< Psalmen 125 >

1 Een lied Hammaaloth. Die op den HEERE vertrouwen, zijn als de berg Sion, die niet wankelt, maar blijft in eeuwigheid.
Надеющиися на Господа, яко гора Сион: не подвижится в век живый во Иерусалиме.
2 Rondom Jeruzalem zijn bergen; alzo is de HEERE rondom Zijn volk, van nu aan tot in der eeuwigheid.
Горы окрест его, и Господь окрест людий Своих, отныне и до века.
3 Want de scepter der goddeloosheid zal niet rusten op het lot der rechtvaardigen; opdat de rechtvaardigen hun handen niet uitstrekken tot onrecht.
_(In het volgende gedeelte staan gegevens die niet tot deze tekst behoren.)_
(* Let $D=\mathrm{diag}(1,-1,1,-1,\ldots)=(1,-x)$, let $P=\bigl[\binom{i}{j}\bigr]_{i,j\ge 0}=\bigl(\tfrac{1}{1-x},\tfrac{x}{1-x}\bigr)$ be the Pascal matrix, and let $\mathbb{F}^{\rm S}=(1,x(1+x))$ and $\mathbb{L}^{\rm S}=(1+2x,x(1+x))$. Let $C(x)=\frac{1-\sqrt{1-4x}}{2x}$, $M(x)=\frac{1-x-\sqrt{(1-x)^2-4x^2}}{2x^2}$ and $W(x)=\sum_{n\ge0}\binom{2n}{n}x^n$. Then: (a) $D(\mathbb{F}^{\rm S})^{-1}D=(1,xC(x))=P\left(\frac{M(x)-xM(x)-x^2M(x)^2}{1+x},\frac{x+x^2M(x)}{1+x}\right)$; (b) $D(\mathbb{L}^{\rm S})^{-1}D=\left(\frac{1}{1-2xC(x)},xC(x)\right)=(W(x),x)\,P\left(\frac{M(x)-xM(x)-x^2M(x)^2}{1+x},\frac{x+x^2M(x)}{1+x}\right)$; (c) $D(\mathbb{L}^{\rm S})^{-1}D=\left(\frac{1}{1-2xC(x)},x\right)D(\mathbb{F}^{\rm S})^{-1}D=(W(x),x)\,D(\mathbb{F}^{\rm S})^{-1}D=D(\mathbb{F}^{\rm S})^{-1}D\left(\frac{1}{1-2x},x\right)$.
   Context: All matrices are infinite with rows and columns indexed by $0,1,2,\ldots$. For formal power series $g(x)=g_0+g_1x+\cdots$ and $f(x)=f_1x+f_2x^2+\cdots$, $(g(x),f(x))$ denotes the infinite lower triangular matrix whose $j$-th column ($j=0,1,\ldots$) has generating function $g(x)f(x)^j$; it is a Riordan matrix when $g_0\neq0$ and $f_1\neq0$. Riordan matrices form a group under matrix multiplication, with $(g(x),f(x))(h(x),l(x))=(g(x)h(f(x)),l(f(x)))$ and $(g(x),f(x))^{-1}=(1/g(\bar f(x)),\bar f(x))$, where $\bar f$ is the compositional inverse of $f$. *)

theory Defs
  imports Complex_Main "HOL-Computational_Algebra.Formal_Power_Series"
begin

type_synonym mat = "nat \<Rightarrow> nat \<Rightarrow> real"

definition riordan :: "real fps \<Rightarrow> real fps \<Rightarrow> mat" where
  "riordan g f i j = fps_nth (g * f ^ j) i"

text \<open>Product of infinite matrices whose left factor is lower triangular
  (all factors occurring below are): entries with k > i vanish.\<close>
definition mmult :: "mat \<Rightarrow> mat \<Rightarrow> mat" where
  "mmult A B i j = (\<Sum>k\<le>i. A i k * B k j)"

definition mat_id :: mat where
  "mat_id i j = (if i = j then 1 else 0)"

definition lower_tri :: "mat \<Rightarrow> bool" where
  "lower_tri A \<longleftrightarrow> (\<forall>i j. i < j \<longrightarrow> A i j = 0)"

text \<open>Matrix inverse of an infinite lower triangular matrix (with nonzero diagonal,
  the inverse exists, is unique and lower triangular).\<close>
definition minv :: "mat \<Rightarrow> mat" where
  "minv A = (THE B. lower_tri B \<and> mmult A B = mat_id)"

text \<open>Formal square root with constant term sqrt(a_0).\<close>
definition fps_sqrt :: "real fps \<Rightarrow> real fps" where
  "fps_sqrt a = fps_radical (\<lambda>k x. root k x) 2 a"

definition Dmat :: mat where "Dmat = riordan 1 (- fps_X)"
definition Pascal :: mat where "Pascal = riordan (1 / (1 - fps_X)) (fps_X / (1 - fps_X))"
definition FS :: mat where "FS = riordan 1 (fps_X * (1 + fps_X))"
definition LS :: mat where "LS = riordan (1 + 2 * fps_X) (fps_X * (1 + fps_X))"

definition Cfps :: "real fps" where
  "Cfps = (1 - fps_sqrt (1 - 4 * fps_X)) / (2 * fps_X)"
definition Mfps :: "real fps" where
  "Mfps = (1 - fps_X - fps_sqrt ((1 - fps_X)^2 - 4 * fps_X^2)) / (2 * fps_X^2)"
definition Wfps :: "real fps" where
  "Wfps = Abs_fps (\<lambda>n. of_nat ((2*n) choose n))"

end

theory Submission
  imports Defs
begin

text \<open>Conjugation by \<open>D = (1, -x)\<close> substitutes \<open>-x\<close>, so \<open>D (g, x(1+x))\<^sup>-\<^sup>1 D = (1/g(-u), u)\<close>
  where \<open>u\<close> is the compositional inverse of \<open>x - x\<^sup>2\<close>, namely \<open>u = x C(x)\<close>; this is the first
  identity in (a) and (b), for \<open>g = 1\<close> and \<open>g = 1 + 2x\<close>. The Pascal factorisation holds because
  the substitution \<open>x \<mapsto> x/(1-x)\<close> carries the Motzkin series \<open>M\<close> to \<open>(1-x) C(x)\<^sup>2\<close>, both being
  the unique solution of \<open>y = 1 + p y + p\<^sup>2 y\<^sup>2\<close> for \<open>p = x/(1-x)\<close>. Finally \<open>1 - 2x C(x) = \<surd>(1-4x)\<close> and \<open>W = 1/\<surd>(1-4x)\<close>,
  after which every remaining identity is a product in the Riordan group.\<close>

unbundle fps_syntax

lemma riordan_lower_tri: "f $ 0 = 0 \<Longrightarrow> lower_tri (riordan g f)"
  unfolding lower_tri_def riordan_def
  by (auto simp: fps_mult_nth startsby_zero_power_prefix intro!: sum.neutral)

lemma riordan_1_X: "riordan 1 fps_X = mat_id"
  by (auto simp: riordan_def mat_id_def fun_eq_iff)

lemma mmult_mat_id_left: "mmult mat_id B = B"
  by (simp add: mmult_def mat_id_def fun_eq_iff if_distrib[of "\<lambda>x. x * _"] cong: if_cong)

lemma mmult_mat_id_right: "lower_tri B \<Longrightarrow> mmult B mat_id = B"
  by (auto simp: mmult_def mat_id_def fun_eq_iff lower_tri_def if_distrib[of "(*) _"] cong: if_cong)

lemma fps_compose_uminus_X_twice: "(a oo -fps_X) oo -fps_X = (a :: 'a :: idom fps)"
  by (simp add: fps_compose_assoc[symmetric] fps_compose_uminus)

lemma fps_compose_divide_unit:
  fixes a b p :: "'a :: field fps"
  assumes "b $ 0 \<noteq> 0" "p $ 0 = 0"
  shows "(a / b) oo p = (a oo p) / (b oo p)"
  using assms by (simp add: fps_divide_unit fps_compose_mult_distrib fps_inverse_compose)

lemma fps_compose_nth_truncated:
  fixes c f :: "'a :: comm_ring_1 fps"
  assumes "f $ 0 = 0" "n \<le> i"
  shows "(c oo f) $ n = (\<Sum>k\<le>i. c $ k * (f ^ k) $ n)"
  unfolding fps_compose_nth atLeast0AtMost
  using assms by (intro sum.mono_neutral_left) (auto simp: startsby_zero_power_prefix)

lemma mmult_riordan:
  fixes g f h l :: "real fps"
  assumes f0: "f $ 0 = 0"
  shows "mmult (riordan g f) (riordan h l) = riordan (g * (h oo f)) (l oo f)"
proof (intro ext)
  fix i j
  define c where "c = h * l ^ j"
  have "(h oo f) * (l oo f) ^ j = c oo f"
    by (simp add: c_def fps_compose_mult_distrib[OF f0] fps_compose_power[OF f0])
  then have "riordan (g * (h oo f)) (l oo f) i j = (g * (c oo f)) $ i"
    by (simp add: riordan_def mult.assoc)
  also have "\<dots> = (\<Sum>m\<le>i. \<Sum>k\<le>i. g $ m * (c $ k * (f ^ k) $ (i - m)))"
    by (auto simp: fps_mult_nth atLeast0AtMost fps_compose_nth_truncated[OF f0, where i = i]
        sum_distrib_left intro!: sum.cong)
  also have "\<dots> = (\<Sum>k\<le>i. (g * f ^ k) $ i * c $ k)"
    by (subst sum.swap)
      (simp add: fps_mult_nth atLeast0AtMost sum_distrib_left sum_distrib_right mult_ac)
  also have "\<dots> = mmult (riordan g f) (riordan h l) i j"
    by (simp add: mmult_def riordan_def c_def)
  finally show "mmult (riordan g f) (riordan h l) i j = riordan (g * (h oo f)) (l oo f) i j"
    by simp
qed

lemma mmult_assoc:
  assumes "lower_tri A"
  shows "mmult (mmult L A) B = mmult L (mmult A B)"
proof (intro ext)
  fix i j
  have "mmult (mmult L A) B i j = (\<Sum>m\<le>i. \<Sum>k\<le>i. L i m * A m k * B k j)"
    by (subst sum.swap) (simp add: mmult_def sum_distrib_right)
  also have "\<dots> = (\<Sum>m\<le>i. \<Sum>k\<le>m. L i m * A m k * B k j)"
    using assms by (intro sum.cong refl sum.mono_neutral_right) (auto simp: lower_tri_def)
  also have "\<dots> = mmult L (mmult A B) i j"
    by (simp add: mmult_def sum_distrib_left mult_ac)
  finally show "mmult (mmult L A) B i j = mmult L (mmult A B) i j" .
qed

lemma minv_eqI:
  assumes "mmult L A = mat_id" "lower_tri A" "lower_tri L"
    and "lower_tri B" "mmult A B = mat_id"
  shows "minv A = L"
proof -
  have right_inverse_unique: "B' = L" if "lower_tri B'" "mmult A B' = mat_id" for B'
  proof -
    have "B' = mmult (mmult L A) B'" by (simp add: assms(1) mmult_mat_id_left)
    also have "\<dots> = mmult L (mmult A B')" by (rule mmult_assoc[OF assms(2)])
    also have "\<dots> = L" using that assms(3) by (simp add: mmult_mat_id_right)
    finally show ?thesis .
  qed
  with assms(4,5) have "lower_tri L \<and> mmult A L = mat_id" by auto
  then show ?thesis
    unfolding minv_def using right_inverse_unique by (intro the_equality) auto
qed

lemma minv_riordan:
  fixes g f s :: "real fps"
  assumes f0: "f $ 0 = 0" and f1: "f $ 1 \<noteq> 0" and g0: "g $ 0 \<noteq> 0"
    and s0: "s $ 0 = 0" and fs: "f oo s = fps_X"
  shows "minv (riordan g f) = riordan (inverse (g oo s)) s"
proof -
  define r where "r = fps_inv f"
  have r0: "r $ 0 = 0" by (simp add: r_def fps_inv_def)
  have rf: "r oo f = fps_X" using fps_inv[OF f0 f1] by (simp add: r_def)
  have "inverse (g oo r) oo f = inverse g"
    using f0 g0 r0 by (simp add: fps_inverse_compose fps_compose_assoc[symmetric] rf)
  then have "mmult (riordan g f) (riordan (inverse (g oo r)) r) = mat_id"
    using g0 by (simp add: mmult_riordan[OF f0] rf riordan_1_X inverse_mult_eq_1')
  moreover have "mmult (riordan (inverse (g oo s)) s) (riordan g f) = mat_id"
    using g0 by (simp add: mmult_riordan[OF s0] fs riordan_1_X inverse_mult_eq_1)
  ultimately show ?thesis
    using f0 s0 r0 by (intro minv_eqI) (simp_all add: riordan_lower_tri)
qed

lemma Dmat_conj_riordan:
  fixes g f :: "real fps"
  assumes f0: "f $ 0 = 0"
  shows "mmult (mmult Dmat (riordan g f)) Dmat = riordan (g oo -fps_X) (- (f oo -fps_X))"
proof -
  have X0: "(-fps_X :: real fps) $ 0 = 0" by simp
  have fX0: "(f oo -fps_X) $ 0 = 0" using f0 by simp
  show ?thesis
    unfolding Dmat_def mmult_riordan[OF X0] mmult_riordan[OF fX0]
    by (simp add: fps_compose_uminus fps_X_fps_compose_startby0[OF fX0])
qed

lemma Dmat_conj_minv_riordan:
  fixes g f u :: "real fps"
  assumes f0: "f $ 0 = 0" and f1: "f $ 1 \<noteq> 0" and g0: "g $ 0 \<noteq> 0" and u0: "u $ 0 = 0"
    and fu: "- (f oo -fps_X) oo u = fps_X"
  shows "mmult (mmult Dmat (minv (riordan g f))) Dmat
           = riordan (inverse ((g oo -fps_X) oo u)) u"
proof -
  define s where "s = - (u oo -fps_X)"
  have X0: "(-fps_X :: real fps) $ 0 = 0" and v0: "(u oo -fps_X) $ 0 = 0" and s0: "s $ 0 = 0"
    using u0 by (simp_all add: s_def)
  have reflect: "a oo s = ((a oo -fps_X) oo u) oo -fps_X" for a
  proof -
    have "a oo s = a oo (-fps_X oo (u oo -fps_X))"
      by (simp add: s_def fps_compose_uminus fps_X_fps_compose_startby0[OF v0])
    also have "\<dots> = (a oo -fps_X) oo (u oo -fps_X)" by (rule fps_compose_assoc[OF v0 X0])
    also have "\<dots> = ((a oo -fps_X) oo u) oo -fps_X" by (rule fps_compose_assoc[OF X0 u0])
    finally show ?thesis .
  qed
  have "f oo s = fps_X"
    using arg_cong[OF fu, of uminus] by (simp add: reflect fps_compose_uminus)
  then have "minv (riordan g f) = riordan (inverse (g oo s)) s"
    by (rule minv_riordan[OF f0 f1 g0 s0])
  moreover have "inverse (g oo s) oo -fps_X = inverse ((g oo -fps_X) oo u)"
    using g0 s0 by (simp add: fps_inverse_compose reflect fps_compose_uminus_X_twice)
  ultimately show ?thesis
    using s0 by (simp add: Dmat_conj_riordan s_def fps_compose_uminus fps_compose_uminus_X_twice)
qed

lemma fps_sqrt_nth_0: "fps_sqrt a $ 0 = sqrt (a $ 0)"
  by (simp add: fps_sqrt_def sqrt_def)

lemma fps_sqrt_power2: "a $ 0 > 0 \<Longrightarrow> fps_sqrt a ^ 2 = a"
  using power_radical[of a "\<lambda>k x. root k x" 1] real_root_pow_pos2[of 2 "a $ 0"]
  by (simp add: fps_sqrt_def numeral_2_eq_2)

lemma fps_quadratic_formula:
  fixes b c S :: "real fps"
  assumes c: "c \<noteq> 0" and bS: "(b + S) $ 0 \<noteq> 0" and S2: "S ^ 2 = b ^ 2 - 4 * c"
  defines "y \<equiv> (b - S) / (2 * c)"
  shows "b - 2 * c * y = S" and "c * y ^ 2 - b * y + 1 = 0"
proof -
  have "inverse (b + S) * (b + S) = 1" using bS by (rule inverse_mult_eq_1)
  then have bS_div: "b - S = 2 * c * (2 * inverse (b + S))" using S2 by algebra
  then have "y = 2 * c * (2 * inverse (b + S)) / (2 * c)" by (simp only: y_def)
  also have "\<dots> = 2 * inverse (b + S)" using c by (intro nonzero_mult_div_cancel_left) simp
  finally have "y = 2 * inverse (b + S)" .
  with bS_div show root: "b - 2 * c * y = S" by algebra
  have "4 * c * (c * y ^ 2 - b * y + 1) = 0"
    using S2 by (simp add: root[symmetric] algebra_simps power2_eq_square)
  with c show "c * y ^ 2 - b * y + 1 = 0" by simp
qed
Яко не оставит Господь жезла грешных на жребий праведных, яко да не прострут праведнии в беззакония рук своих.
4 HEERE! doe den goeden wel, en dengenen, die oprecht zijn in hun harten.
Ублажи, Господи, благия и правыя сердцем.
5 Maar die zich neigen tot hun kromme wegen, die zal de HEERE weg doen gaan met de werkers der ongerechtigheid. Vrede zal over Israel zijn!
Уклоняющыяся же в развращения отведет Господь с делающими беззаконие: мир на Израиля.